------ Data extracts ------
(* Let $U$ be a $d\times d$ unitary matrix, $U_{ij}=\langle a_i|b_j\rangle$ for two orthonormal bases $\{|a_i\rangle\}$, $\{|b_j\rangle\}$ of $\mathbb{C}^d$, and let $p_i=\langle a_i|\rho|a_i\rangle$, $q_j=\langle b_j|\rho|b_j\rangle$ for a state $\rho$ on $\mathbb{C}^d$. For $k=1,\dots,d$ let $s_k=\max\{\|M\|: M \text{ a submatrix of } U \text{ with } \#\mathrm{cols}(M)+\#\mathrm{rows}(M)=k+1\}$, where $\|M\|$ is the largest singular value, and let $W=(W_1,\dots,W_d)=(s_1,s_2-s_1,\dots,s_d-s_{d-1})$. Then for every $\alpha>1$, $$H_\alpha(p)+H_\alpha(q)\ge\frac{2}{1-\alpha}\ln\left(\frac{1+\sum_i W_i^\alpha}{2}\right).$$
   Context: The Rényi entropy of order $\alpha\neq1$ of a probability vector $x$ is $H_\alpha(x)=\frac{1}{1-\alpha}\ln\sum_i x_i^\alpha$. A submatrix is obtained by selecting a nonempty set of rows and a nonempty set of columns. *)

theory Defs
  imports "HOL-Analysis.Analysis"
begin

definition cinner :: "complex ^ 'n::finite \<Rightarrow> complex ^ 'n \<Rightarrow> complex" where
  "cinner x y = (\<Sum>i\<in>UNIV. cnj (x $ i) * y $ i)"

definition orthonormal_basis_c :: "('n::finite \<Rightarrow> complex ^ 'n) \<Rightarrow> bool" where
  "orthonormal_basis_c a \<longleftrightarrow> (\<forall>i j. cinner (a i) (a j) = (if i = j then 1 else 0))"

definition density_matrix :: "complex ^ 'n ^ 'n::finite \<Rightarrow> bool" where
  "density_matrix \<rho> \<longleftrightarrow>
     (\<forall>i j. \<rho> $ i $ j = cnj (\<rho> $ j $ i)) \<and>
     (\<forall>x. cinner x (\<rho> *v x) \<in> \<real> \<and> 0 \<le> Re (cinner x (\<rho> *v x))) \<and>
     (\<Sum>i\<in>UNIV. \<rho> $ i $ i) = 1"

text \<open>Operator (spectral) norm = largest singular value of the submatrix of U with
  row set I and column set J.\<close>
definition submatrix_norm :: "complex ^ 'n ^ 'n::finite \<Rightarrow> 'n set \<Rightarrow> 'n set \<Rightarrow> real" where
  "submatrix_norm U I J =
     Sup {sqrt (\<Sum>i\<in>I. (cmod (\<Sum>j\<in>J. U $ i $ j * x $ j))\<^sup>2) | x.
            (\<Sum>j\<in>J. (cmod (x $ j))\<^sup>2) = 1}"

definition s_seq :: "complex ^ 'n ^ 'n::finite \<Rightarrow> nat \<Rightarrow> real" where
  "s_seq U k = Max {submatrix_norm U I J | I J.
       I \<noteq> {} \<and> J \<noteq> {} \<and> card I + card J = k + 1}"

definition W_seq :: "complex ^ 'n ^ 'n::finite \<Rightarrow> nat \<Rightarrow> real" where
  "W_seq U k = (if k = 1 then s_seq U 1 else s_seq U k - s_seq U (k - 1))"

definition renyi_entropy :: "real \<Rightarrow> ('n::finite \<Rightarrow> real) \<Rightarrow> real" where
  "renyi_entropy \<alpha> p = 1 / (1 - \<alpha>) * ln (\<Sum>i\<in>UNIV. p i powr \<alpha>)"

end

theory Submission
  imports Defs
begin

text \<open>
  For a pure state \<open>w\<close> and index sets \<open>I\<close>, \<open>J\<close>, the cross term between the projections of
  \<open>w\<close> onto \<open>span {a i | i \<in> I}\<close> and \<open>span {b j | j \<in> J}\<close> is controlled by the submatrix
  norm \<open>\<parallel>U\<^sub>I\<^sub>J\<parallel>\<close>, which gives \<open>\<Sum>\<^sub>I p + \<Sum>\<^sub>J q \<le> 1 + \<parallel>U\<^sub>I\<^sub>J\<parallel>\<close>. This bound is linear in
  the state, and a positive semidefinite matrix is a sum of rank-one terms (obtained by
  repeated pivoting, so no spectral theorem is needed); hence it holds for mixed states too.
  Consequently the \<open>2d\<close> numbers \<open>(p, q)\<close> are weakly majorized by \<open>(1, W\<^sub>1, \<dots>, W\<^sub>d)\<close>, whose
  partial sums are \<open>1 + s\<^sub>k\<close>. As \<open>t \<mapsto> t\<^sup>\<alpha>\<close> is convex and increasing on \<open>[0, \<infinity>)\<close>, this gives
  \<open>\<Sum> p\<^sup>\<alpha> + \<Sum> q\<^sup>\<alpha> \<le> 1 + \<Sum> W\<^sup>\<alpha>\<close>, and \<open>ln P + ln Q \<le> 2 ln ((P + Q) / 2)\<close> turns this into the
  entropic bound.
\<close>

section \<open>Weak majorization and sums of powers\<close>

lemma powr_ge_tangent:
  fixes x y a :: real
  assumes "0 \<le> x" "0 \<le> y" "1 < a"
  shows "x powr a + a * x powr (a - 1) * (y - x) \<le> y powr a"
proof (cases "x = 0 \<or> y = 0")
  case True
  have "x powr (a - 1) * x = x powr a"
    using powr_mult_base[of x "a - 1"] assms by (cases "x = 0") (auto simp: mult.commute)
  then have "x powr a + a * x powr (a - 1) * (0 - x) = (1 - a) * x powr a"
    by (simp add: algebra_simps)
  also have "\<dots> \<le> 0"
    using assms by (simp add: mult_nonpos_nonneg)
  finally show ?thesis
    using True assms by auto
next
  case False
  then have xy: "0 < x" "0 < y" using assms by auto
  have "a * x powr (a - 1) * (y - x) \<le> y powr a - x powr a"
  proof (rule convex_on_imp_above_tangent[where A="{0<..}"])
    show "convex_on {0<..} (\<lambda>x. x powr a)" using assms powr_convex[of a] by simp
    show "x \<in> interior {0<..}" using xy by (simp add: interior_open)
    show "((\<lambda>x. x powr a) has_field_derivative a * x powr (a - 1)) (at x within {0<..})"
      by (rule has_field_derivative_at_within[OF has_real_derivative_powr[OF xy(1)]])
  qed (use xy in auto)
  then show ?thesis by simp
qed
------
Could you print exactly the lines from the one containing "(simp add: interior_open)" through the last line of the records above?

> _Problem solution_:
    show "x \<in> interior {0<..}" using xy by (simp add: interior_open)
    show "((\<lambda>x. x powr a) has_field_derivative a * x powr (a - 1)) (at x within {0<..})"
      by (rule has_field_derivative_at_within[OF has_real_derivative_powr[OF xy(1)]])
  qed (use xy in auto)
  then show ?thesis by simp
qed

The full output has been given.